Los expertos citan, entre otras resoluciones que deben ser puestas en conocimiento de la víctima, los autos del juez de Vigilancia Penitenciaria que autoricen la clasificación del preso en tercer grado, que concedan beneficios penitenciarios, permisos de salida y los que se refieran al límite de cumplimiento de la pena. La víctima deberá ser notificada y podrá recurrir esas resoluciones.

Asimismo, y con el fin de garantizar su propia seguridad, la víctima puede solicitar que se impongan al interno que ha accedido a la libertad condicional medidas como la prohibición de aproximarse a ella o a sus familiares, de establecer contacto o de residir en un lugar determinado o la obligación de participar en programas de reeducación, entre otras.

La suspensión de la ejecución de las penas privativas de libertad sólo deberá ser comunicada a las víctimas cuando la condena haya sido impuesta por la comisión de delitos con violencia e intimidación y si la víctima solicita ser informada.

En cuanto al cumplimiento de las penas de prohibición de aproximación, la víctima podrá solicitar la instalación de dispositivos electrónicos.

Si se trata del cumplimiento de las medidas de seguridad, o de su modificación, deberá ser oída por el juez, aunque no esté personada.

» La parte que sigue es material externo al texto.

lemma act_W_eq: "act_W i n h w (r1, r2)
    = of_int (chi i h) * w (r1 \<circ> low_perm i (sp_perm h), r2 \<circ> high_perm i n (sp_perm h))"
  by (simp add: act_W_def low_perm_def[abs_def] high_perm_def[abs_def])

lemma shift_permutes:
  fixes i m :: nat
  assumes p: "p permutes {0..<m}"
  shows "(\<lambda>e. if i \<le> e \<and> e < i + m then p (e - i) + i else e) permutes {i..<i+m}"
    and "sign (\<lambda>e. if i \<le> e \<and> e < i + m then p (e - i) + i else e) = sign p"
proof -
  let ?f = "\<lambda>e::nat. e + i"
  have inj: "inj_on ?f {0..<m}" by (simp add: inj_on_def)
  have img: "?f ` {0..<m} = {i..<i+m}" by (simp add: add.commute)
  have eq: "map_permutation {0..<m} ?f p = (\<lambda>e. if i \<le> e \<and> e < i + m then p (e - i) + i else e)"
  proof
    fix e
    show "map_permutation {0..<m} ?f p e = (if i \<le> e \<and> e < i + m then p (e - i) + i else e)"
    proof (cases "i \<le> e \<and> e < i + m")
      case True
      hence "e \<in> ?f ` {0..<m}" using img by auto
      moreover have "inv_into {0..<m} ?f e = e - i"
        using True by (intro inv_into_f_eq[OF inj]) auto
      ultimately show ?thesis using True by (auto simp add: map_permutation_def restrict_id_def img)
    next
      case False
      hence "e \<notin> ?f ` {0..<m}" using img by auto
      thus ?thesis using False by (auto simp add: map_permutation_def restrict_id_def img)
    qed
  qed
  have bij: "bij_betw ?f {0..<m} {i..<i+m}" using inj img by (simp add: bij_betw_def)
  have "map_permutation {0..<m} ?f p permutes {i..<i+m}"
    by (rule map_permutation_permutes[OF bij p])
  thus "(\<lambda>e. if i \<le> e \<and> e < i + m then p (e - i) + i else e) permutes {i..<i+m}" using eq by simp
  show "sign (\<lambda>e. if i \<le> e \<and> e < i + m then p (e - i) + i else e) = sign p"
    using sign_map_permutation[OF inj p] eq by simp
qed
(* Let $G$ be a finite abelian group and let $M$ be a finite inverse $\hat G$-linear monoid of dimension $n$. Then there exists an injective monoid homomorphism $\phi_M:M\to\mathrm{End}_{\hat G}(M)\cong I_n(\hat G)$ such that $\phi_M(x^* )=\phi_M(x)^*$ and $\phi_M(gx)=g\phi_M(x)$ for all $x\in M$ and $g\in G$.
   Context: $\hat G=G\sqcup\{0\}$ with $0$ absorbing. $\mathrm{Vect}_{\hat G}$: objects are finite pointed sets with an action of $\hat G$ ($0v=0$, $g0=0$) such that $G$ acts freely on nonzero elements; morphisms $f$ satisfy $f(0)=0$, $f(gv)=gf(v)$, $f(v_1)=f(v_2)\neq0\Rightarrow Gv_1=Gv_2$. A $\hat G$-linear monoid is a finite monoid $M$ with absorbing element $0_M$ containing $G$ as a subgroup of units commuting with all of $M$, with $G$ acting freely by translation on $M\setminus\{0_M\}$; thus $M$ is an object of $\mathrm{Vect}_{\hat G}$, its dimension is the number of $G$-orbits in $M\setminus\{0_M\}$, and $\mathrm{End}_{\hat G}(M)$ is its endomorphism monoid in $\mathrm{Vect}_{\hat G}$, with $g\phi$ denoting the composite of $\phi$ with scalar multiplication by $g$. $I_n(\hat G)$ is the monoid of $n\times n$ matrices with entries in $\hat G$ having at most one nonzero entry in each row and column, under matrix multiplication; it is an inverse monoid and isomorphic to $\mathrm{End}_{\hat G}(\hat G^{\oplus n})$. A monoid is inverse if each $x$ has a unique $x^*$ with $xx^*x=x$ and $x^*xx^*=x^*$ (its $*$-inverse). *)

theory Defs
  imports "HOL-Algebra.Group"
begin

definition hatG_linear_monoid :: "'m monoid \<Rightarrow> 'm set \<Rightarrow> 'm \<Rightarrow> bool" where
  "hatG_linear_monoid M G z \<longleftrightarrow>
     monoid M \<and> finite (carrier M) \<and>
     z \<in> carrier M \<and> (\<forall>x\<in>carrier M. z \<otimes>\<^bsub>M\<^esub> x = z \<and> x \<otimes>\<^bsub>M\<^esub> z = z) \<and>
     subgroup G (units_of M) \<and>
     (\<forall>g\<in>G. \<forall>h\<in>G. g \<otimes>\<^bsub>M\<^esub> h = h \<otimes>\<^bsub>M\<^esub> g) \<and>
     (\<forall>g\<in>G. \<forall>x\<in>carrier M. g \<otimes>\<^bsub>M\<^esub> x = x \<otimes>\<^bsub>M\<^esub> g) \<and>
     (\<forall>g\<in>G. \<forall>x\<in>carrier M - {z}. g \<otimes>\<^bsub>M\<^esub> x = x \<longrightarrow> g = \<one>\<^bsub>M\<^esub>)"
theorem lemma4p8:
  assumes "CARD('n::finite) \<ge> 2"
  shows "\<exists>C>0. \<forall>N::nat. N \<ge> 1 \<longrightarrow> (\<forall>X \<in> (XN N :: (int ^ 'n) set set). \<forall>z :: int ^ 'n.
     real (card (symdiff X ((\<lambda>b. z + b) ` {b. rvec b \<in> cball (0 :: real ^ 'n) (rN TYPE('n) N)})))
       \<le> measure lebesgue (symdiff (zeta X) ((\<lambda>x. x + rvec z) ` cball (0 :: real ^ 'n) (rN TYPE('n) N)))
         + C * real N powr ((real CARD('n) - 1) / real CARD('n)) * PerN N X)"
proof -
  obtain A where A: "0 \<le> A" and straddling: "\<And>(X :: (int^'n) set) (c :: real^'n) r. finite X \<Longrightarrow> X \<noteq> {} \<Longrightarrow> 0 \<le> r \<Longrightarrow>
       unit_ball_vol (real CARD('n)) * r ^ CARD('n) = real (card X) \<Longrightarrow>
       real (card (straddling_cells (cball c r))) \<le> A * real (Per X)"
    using card_straddling_cells_le_Per[where 'n = 'n] by blast
  have "real (card (symdiff X ((\<lambda>b. z + b) ` {b. rvec b \<in> cball 0 (rN TYPE('n) N)})))
       \<le> measure lebesgue (symdiff (zeta X) ((\<lambda>x. x + rvec z) ` cball 0 (rN TYPE('n) N)))
         + (A + 3 ^ CARD('n)) * real N powr ((real CARD('n) - 1) / real CARD('n)) * PerN N X"
    if N: "N \<ge> 1" and "X \<in> XN N" for N X and z :: "int^'n"
  proof -
    let ?r = "rN TYPE('n) N"
    have X: "finite X" "card X = N" "X \<noteq> {}" using that by (auto simp: XN_def)
    have ball: "(\<lambda>x. x + rvec z) ` cball 0 ?r = cball (rvec z) ?r"
      using cball_translation[of "rvec z" 0 ?r] by (simp add: add.commute)
    show ?thesis
      using card_symdiff_lattice_points_le[OF X(1), of "cball (rvec z) ?r"]
        straddling[OF X(1,3), of ?r "rvec z"] rN_spec[where 'n='n and N=N] X(2)
      unfolding translate_lattice_points_cball ball mult.assoc[of "A + _"] powr_mult_PerN[OF N] by (auto simp: algebra_simps)
  qed
  moreover have "A + 3 ^ CARD('n) > 0" using A by (intro add_nonneg_pos) simp_all
  ultimately show ?thesis by blast
qed

end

Los autores del manual recuerdan a los jueces la importancia de garantizar que se notifique debidamente a la víctima, aunque no esté personada en la causa, la resolución que declara la firmeza de la sentencia, pues es imprescindible para contar el plazo del que dispone para pedir las ayudas.

La acción para presentar dicha solicitud prescribe transcurrido un año desde la fecha de la comisión del hecho delictivo; y el cómputo del plazo para la prescripción de dicha acción se suspende desde la fecha de inicio de la acción penal y vuelve a correr cuando la sentencia es declarada firme.

VICENTE MAGRO: ‘NO ESTAMOS ESTABLECIENDO UNA FÓRMULA OBLIGATORIA DE ACTUAR, ES UN RECORDATORIO’

El magistrado Magro Servet hace hincapié en que el objetivo de este manual «no es establecer una fórmula obligatoria de actuar, evidentemente, sino un recordatorio de cómo los profesionales tenemos que atender a las víctimas que existen en nuestra sociedad cuando acuden a los tribunales, ya que la idea que debe presidir en la Administración de Justicia es la del «buen trato institucional» y la de la mejora en la formación de los profesionales que atienden asuntos tan delicados como son los relativos a los delitos comentidos con violencia».